(Saved entries)
+++
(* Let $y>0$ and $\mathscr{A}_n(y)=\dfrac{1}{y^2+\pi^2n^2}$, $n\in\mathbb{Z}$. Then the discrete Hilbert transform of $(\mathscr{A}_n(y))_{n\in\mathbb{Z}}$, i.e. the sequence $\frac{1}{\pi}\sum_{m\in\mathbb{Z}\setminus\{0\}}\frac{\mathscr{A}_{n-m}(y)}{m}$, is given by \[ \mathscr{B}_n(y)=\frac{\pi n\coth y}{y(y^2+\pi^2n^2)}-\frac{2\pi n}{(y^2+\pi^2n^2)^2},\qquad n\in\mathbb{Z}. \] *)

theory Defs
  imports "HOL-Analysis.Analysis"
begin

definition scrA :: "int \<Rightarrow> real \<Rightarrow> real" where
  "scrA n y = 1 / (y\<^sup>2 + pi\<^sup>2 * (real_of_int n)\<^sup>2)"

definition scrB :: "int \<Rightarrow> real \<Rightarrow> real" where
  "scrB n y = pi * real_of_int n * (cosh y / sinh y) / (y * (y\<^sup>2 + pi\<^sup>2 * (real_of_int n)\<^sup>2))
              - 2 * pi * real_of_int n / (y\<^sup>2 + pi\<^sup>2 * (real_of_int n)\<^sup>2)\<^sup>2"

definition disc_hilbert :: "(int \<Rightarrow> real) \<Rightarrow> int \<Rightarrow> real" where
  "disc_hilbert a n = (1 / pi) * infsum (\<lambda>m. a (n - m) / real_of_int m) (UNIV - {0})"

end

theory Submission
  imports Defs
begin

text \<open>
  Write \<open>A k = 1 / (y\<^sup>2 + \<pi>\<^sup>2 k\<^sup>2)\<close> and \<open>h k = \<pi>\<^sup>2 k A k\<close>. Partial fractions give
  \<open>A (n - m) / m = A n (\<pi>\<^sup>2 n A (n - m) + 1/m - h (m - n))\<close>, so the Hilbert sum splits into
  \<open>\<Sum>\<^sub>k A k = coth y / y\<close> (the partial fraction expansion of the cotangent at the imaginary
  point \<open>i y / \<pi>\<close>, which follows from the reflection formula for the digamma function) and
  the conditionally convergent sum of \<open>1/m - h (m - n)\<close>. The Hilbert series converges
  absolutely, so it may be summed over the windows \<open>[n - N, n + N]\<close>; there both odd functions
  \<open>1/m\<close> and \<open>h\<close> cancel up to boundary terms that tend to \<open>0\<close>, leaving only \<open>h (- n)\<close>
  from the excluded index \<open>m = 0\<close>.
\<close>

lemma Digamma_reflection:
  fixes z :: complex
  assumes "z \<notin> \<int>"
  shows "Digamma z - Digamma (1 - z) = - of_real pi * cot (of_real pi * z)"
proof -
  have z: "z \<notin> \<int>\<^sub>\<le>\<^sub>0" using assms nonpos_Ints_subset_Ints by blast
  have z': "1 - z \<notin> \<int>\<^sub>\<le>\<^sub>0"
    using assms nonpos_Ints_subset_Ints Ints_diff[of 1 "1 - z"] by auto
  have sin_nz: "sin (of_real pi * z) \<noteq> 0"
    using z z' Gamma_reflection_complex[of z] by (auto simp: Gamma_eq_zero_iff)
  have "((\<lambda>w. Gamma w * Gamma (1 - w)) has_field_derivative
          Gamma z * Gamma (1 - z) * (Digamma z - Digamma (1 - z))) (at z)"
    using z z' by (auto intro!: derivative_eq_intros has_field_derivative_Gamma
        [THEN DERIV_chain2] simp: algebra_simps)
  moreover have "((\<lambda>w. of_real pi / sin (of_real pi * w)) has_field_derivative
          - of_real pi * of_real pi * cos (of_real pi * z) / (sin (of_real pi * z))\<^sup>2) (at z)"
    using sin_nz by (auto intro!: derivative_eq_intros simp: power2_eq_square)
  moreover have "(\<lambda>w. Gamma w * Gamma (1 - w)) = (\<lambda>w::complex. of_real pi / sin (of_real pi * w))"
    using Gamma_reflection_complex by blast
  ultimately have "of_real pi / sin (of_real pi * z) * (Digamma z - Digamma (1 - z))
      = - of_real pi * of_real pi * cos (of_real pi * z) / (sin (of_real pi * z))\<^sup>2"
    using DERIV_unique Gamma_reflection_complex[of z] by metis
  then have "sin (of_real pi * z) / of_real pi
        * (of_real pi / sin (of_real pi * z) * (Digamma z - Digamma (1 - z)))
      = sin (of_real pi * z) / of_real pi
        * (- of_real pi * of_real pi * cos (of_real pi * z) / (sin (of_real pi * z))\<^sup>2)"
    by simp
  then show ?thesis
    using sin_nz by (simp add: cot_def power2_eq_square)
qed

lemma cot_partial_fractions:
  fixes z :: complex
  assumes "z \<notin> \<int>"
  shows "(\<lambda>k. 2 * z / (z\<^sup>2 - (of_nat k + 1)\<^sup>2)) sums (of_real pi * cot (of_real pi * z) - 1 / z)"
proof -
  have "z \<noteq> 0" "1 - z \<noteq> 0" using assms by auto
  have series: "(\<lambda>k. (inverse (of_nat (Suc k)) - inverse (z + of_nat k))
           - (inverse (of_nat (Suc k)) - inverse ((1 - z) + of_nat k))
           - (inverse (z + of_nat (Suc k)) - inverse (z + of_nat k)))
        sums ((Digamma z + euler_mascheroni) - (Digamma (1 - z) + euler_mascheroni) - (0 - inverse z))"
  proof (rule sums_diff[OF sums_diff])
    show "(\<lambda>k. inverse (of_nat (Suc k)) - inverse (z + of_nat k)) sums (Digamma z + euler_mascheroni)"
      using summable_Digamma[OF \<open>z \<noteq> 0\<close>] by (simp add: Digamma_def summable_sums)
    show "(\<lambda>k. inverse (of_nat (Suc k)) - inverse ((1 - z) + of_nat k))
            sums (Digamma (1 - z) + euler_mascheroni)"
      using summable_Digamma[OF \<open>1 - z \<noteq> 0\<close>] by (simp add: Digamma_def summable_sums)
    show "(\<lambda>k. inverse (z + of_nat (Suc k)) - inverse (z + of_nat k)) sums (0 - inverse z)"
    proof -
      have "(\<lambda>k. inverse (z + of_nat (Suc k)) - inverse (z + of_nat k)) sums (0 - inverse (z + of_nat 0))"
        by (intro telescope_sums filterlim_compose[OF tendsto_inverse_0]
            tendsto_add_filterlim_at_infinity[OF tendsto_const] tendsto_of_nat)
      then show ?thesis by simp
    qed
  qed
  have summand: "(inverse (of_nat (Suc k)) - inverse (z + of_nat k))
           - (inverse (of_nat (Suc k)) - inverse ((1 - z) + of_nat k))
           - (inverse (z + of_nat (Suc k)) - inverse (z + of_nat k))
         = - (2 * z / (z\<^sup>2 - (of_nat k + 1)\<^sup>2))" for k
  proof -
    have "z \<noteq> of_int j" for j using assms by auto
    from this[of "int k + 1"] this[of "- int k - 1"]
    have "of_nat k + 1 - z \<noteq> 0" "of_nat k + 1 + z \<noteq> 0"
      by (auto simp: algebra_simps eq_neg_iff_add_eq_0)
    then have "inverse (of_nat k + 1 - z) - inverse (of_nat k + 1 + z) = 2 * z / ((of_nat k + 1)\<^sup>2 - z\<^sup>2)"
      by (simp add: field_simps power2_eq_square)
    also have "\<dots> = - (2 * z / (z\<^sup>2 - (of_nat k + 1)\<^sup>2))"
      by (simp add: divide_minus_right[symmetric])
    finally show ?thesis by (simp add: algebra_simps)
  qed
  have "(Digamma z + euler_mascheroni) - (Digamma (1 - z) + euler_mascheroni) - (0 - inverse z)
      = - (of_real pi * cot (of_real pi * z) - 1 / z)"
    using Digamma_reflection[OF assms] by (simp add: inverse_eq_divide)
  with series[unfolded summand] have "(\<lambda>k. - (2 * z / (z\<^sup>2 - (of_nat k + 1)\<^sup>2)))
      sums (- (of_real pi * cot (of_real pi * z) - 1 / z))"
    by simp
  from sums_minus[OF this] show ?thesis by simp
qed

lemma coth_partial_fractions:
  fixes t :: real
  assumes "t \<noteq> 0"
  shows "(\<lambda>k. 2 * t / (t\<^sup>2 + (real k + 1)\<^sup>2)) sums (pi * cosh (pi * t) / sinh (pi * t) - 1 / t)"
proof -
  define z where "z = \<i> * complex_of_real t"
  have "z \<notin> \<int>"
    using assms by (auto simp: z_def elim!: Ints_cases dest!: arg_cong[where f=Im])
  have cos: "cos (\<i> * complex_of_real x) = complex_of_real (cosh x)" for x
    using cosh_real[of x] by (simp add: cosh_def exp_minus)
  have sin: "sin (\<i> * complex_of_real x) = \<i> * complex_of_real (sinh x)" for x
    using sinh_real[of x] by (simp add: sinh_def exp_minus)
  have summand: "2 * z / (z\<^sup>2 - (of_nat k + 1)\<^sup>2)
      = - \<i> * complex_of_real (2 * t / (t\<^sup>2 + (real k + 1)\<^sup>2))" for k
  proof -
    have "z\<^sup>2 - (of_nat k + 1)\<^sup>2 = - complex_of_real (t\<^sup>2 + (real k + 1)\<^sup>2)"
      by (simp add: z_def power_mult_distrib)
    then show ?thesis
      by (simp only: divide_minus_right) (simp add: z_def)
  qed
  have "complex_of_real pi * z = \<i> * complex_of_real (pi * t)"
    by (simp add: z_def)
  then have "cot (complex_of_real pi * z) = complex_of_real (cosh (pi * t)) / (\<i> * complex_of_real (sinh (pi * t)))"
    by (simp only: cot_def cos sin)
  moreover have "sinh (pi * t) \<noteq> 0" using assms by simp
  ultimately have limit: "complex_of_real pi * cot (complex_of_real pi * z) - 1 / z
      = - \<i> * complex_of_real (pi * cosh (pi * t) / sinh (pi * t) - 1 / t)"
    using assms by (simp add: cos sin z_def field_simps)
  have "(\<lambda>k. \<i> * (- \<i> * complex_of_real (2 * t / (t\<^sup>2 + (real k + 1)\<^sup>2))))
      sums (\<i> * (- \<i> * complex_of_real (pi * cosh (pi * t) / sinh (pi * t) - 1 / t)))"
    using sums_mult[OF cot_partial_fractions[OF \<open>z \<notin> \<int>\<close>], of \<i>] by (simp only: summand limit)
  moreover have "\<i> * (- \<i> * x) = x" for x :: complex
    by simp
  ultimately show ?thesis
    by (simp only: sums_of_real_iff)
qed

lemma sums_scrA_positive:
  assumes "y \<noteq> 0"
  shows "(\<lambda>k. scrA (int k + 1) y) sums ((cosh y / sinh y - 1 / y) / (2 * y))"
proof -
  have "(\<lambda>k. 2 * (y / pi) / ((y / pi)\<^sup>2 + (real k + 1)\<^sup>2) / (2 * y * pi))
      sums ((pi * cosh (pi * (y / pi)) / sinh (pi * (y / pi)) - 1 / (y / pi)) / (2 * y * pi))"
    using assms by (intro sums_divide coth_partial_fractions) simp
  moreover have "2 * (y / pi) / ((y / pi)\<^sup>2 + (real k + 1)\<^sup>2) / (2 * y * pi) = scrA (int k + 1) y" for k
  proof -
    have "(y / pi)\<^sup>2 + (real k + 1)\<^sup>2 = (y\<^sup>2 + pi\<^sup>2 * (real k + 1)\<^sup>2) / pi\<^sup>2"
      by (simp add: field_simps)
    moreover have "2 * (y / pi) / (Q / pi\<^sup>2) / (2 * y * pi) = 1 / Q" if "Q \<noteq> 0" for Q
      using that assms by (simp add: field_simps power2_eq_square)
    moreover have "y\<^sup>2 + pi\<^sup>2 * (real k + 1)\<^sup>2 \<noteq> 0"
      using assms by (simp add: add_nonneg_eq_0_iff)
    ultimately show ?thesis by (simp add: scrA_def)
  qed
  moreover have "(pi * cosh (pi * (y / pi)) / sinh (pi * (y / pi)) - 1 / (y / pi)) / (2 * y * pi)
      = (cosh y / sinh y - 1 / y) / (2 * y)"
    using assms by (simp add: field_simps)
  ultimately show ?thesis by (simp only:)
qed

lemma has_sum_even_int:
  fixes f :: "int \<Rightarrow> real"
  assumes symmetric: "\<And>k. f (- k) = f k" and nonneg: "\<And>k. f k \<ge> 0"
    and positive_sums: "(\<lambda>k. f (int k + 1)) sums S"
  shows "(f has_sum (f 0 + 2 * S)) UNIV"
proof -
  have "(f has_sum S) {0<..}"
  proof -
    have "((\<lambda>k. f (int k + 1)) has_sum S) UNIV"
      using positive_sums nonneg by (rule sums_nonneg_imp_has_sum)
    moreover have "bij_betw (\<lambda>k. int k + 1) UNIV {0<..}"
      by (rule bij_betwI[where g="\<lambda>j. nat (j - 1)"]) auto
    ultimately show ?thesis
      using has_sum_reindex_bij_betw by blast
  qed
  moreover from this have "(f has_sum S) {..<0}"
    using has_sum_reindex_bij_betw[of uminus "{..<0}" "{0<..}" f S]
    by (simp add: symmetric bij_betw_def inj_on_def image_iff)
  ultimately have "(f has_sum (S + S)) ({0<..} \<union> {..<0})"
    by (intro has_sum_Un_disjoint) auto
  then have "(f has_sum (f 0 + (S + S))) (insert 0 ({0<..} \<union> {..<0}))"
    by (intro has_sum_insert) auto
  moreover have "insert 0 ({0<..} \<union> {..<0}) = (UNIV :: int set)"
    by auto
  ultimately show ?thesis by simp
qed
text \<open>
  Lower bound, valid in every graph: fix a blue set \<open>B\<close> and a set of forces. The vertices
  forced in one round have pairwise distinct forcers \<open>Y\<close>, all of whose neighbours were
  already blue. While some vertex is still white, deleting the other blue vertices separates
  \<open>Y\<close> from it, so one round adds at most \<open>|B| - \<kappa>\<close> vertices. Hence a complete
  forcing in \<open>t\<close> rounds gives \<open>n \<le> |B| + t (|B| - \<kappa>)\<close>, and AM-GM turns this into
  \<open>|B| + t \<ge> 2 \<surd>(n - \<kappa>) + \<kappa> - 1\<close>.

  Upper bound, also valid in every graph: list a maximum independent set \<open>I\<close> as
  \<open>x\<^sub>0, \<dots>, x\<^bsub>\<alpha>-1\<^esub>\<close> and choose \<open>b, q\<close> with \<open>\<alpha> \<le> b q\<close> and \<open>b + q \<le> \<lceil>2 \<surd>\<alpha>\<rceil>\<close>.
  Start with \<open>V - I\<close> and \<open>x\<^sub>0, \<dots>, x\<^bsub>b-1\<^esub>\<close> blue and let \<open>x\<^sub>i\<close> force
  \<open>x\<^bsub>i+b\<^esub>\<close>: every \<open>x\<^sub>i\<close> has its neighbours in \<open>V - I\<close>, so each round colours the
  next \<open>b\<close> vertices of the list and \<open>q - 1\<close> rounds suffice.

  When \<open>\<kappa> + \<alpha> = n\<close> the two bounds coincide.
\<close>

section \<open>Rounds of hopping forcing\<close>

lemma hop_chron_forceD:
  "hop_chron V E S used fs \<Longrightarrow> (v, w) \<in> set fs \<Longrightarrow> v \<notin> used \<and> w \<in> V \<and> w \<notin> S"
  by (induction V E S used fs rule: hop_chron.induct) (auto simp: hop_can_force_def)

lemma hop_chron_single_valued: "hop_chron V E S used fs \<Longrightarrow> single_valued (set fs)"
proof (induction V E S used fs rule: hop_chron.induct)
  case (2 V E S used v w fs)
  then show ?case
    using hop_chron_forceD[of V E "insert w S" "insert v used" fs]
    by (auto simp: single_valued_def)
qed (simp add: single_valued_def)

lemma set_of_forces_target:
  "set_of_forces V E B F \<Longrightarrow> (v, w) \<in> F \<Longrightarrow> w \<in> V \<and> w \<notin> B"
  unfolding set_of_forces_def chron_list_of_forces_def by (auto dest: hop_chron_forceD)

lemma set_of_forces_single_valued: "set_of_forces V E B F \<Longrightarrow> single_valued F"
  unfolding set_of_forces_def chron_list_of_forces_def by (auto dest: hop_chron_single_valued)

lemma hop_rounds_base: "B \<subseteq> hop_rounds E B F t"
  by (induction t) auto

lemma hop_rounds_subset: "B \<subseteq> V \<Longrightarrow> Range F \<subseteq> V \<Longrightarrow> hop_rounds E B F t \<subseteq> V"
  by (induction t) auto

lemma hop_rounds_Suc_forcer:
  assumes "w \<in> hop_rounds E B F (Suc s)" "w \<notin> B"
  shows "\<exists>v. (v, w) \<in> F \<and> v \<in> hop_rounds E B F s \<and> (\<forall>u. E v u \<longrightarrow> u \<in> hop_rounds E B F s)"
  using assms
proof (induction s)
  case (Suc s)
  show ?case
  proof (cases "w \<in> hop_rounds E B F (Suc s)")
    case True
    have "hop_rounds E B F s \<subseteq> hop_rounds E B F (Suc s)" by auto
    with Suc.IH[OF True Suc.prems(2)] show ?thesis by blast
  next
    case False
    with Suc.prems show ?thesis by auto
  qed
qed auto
+++
Activity
The range runs from the line above containing "from the excluded" to the line containing "nonpos_Ints_subset_Ints by blast", inclusive. Restate those lines word for word and no others.

Answer box
  from the excluded index \<open>m = 0\<close>.
\<close>

lemma Digamma_reflection:
  fixes z :: complex
  assumes "z \<notin> \<int>"
  shows "Digamma z - Digamma (1 - z) = - of_real pi * cot (of_real pi * z)"
proof -
  have z: "z \<notin> \<int>\<^sub>\<le>\<^sub>0" using assms nonpos_Ints_subset_Ints by blast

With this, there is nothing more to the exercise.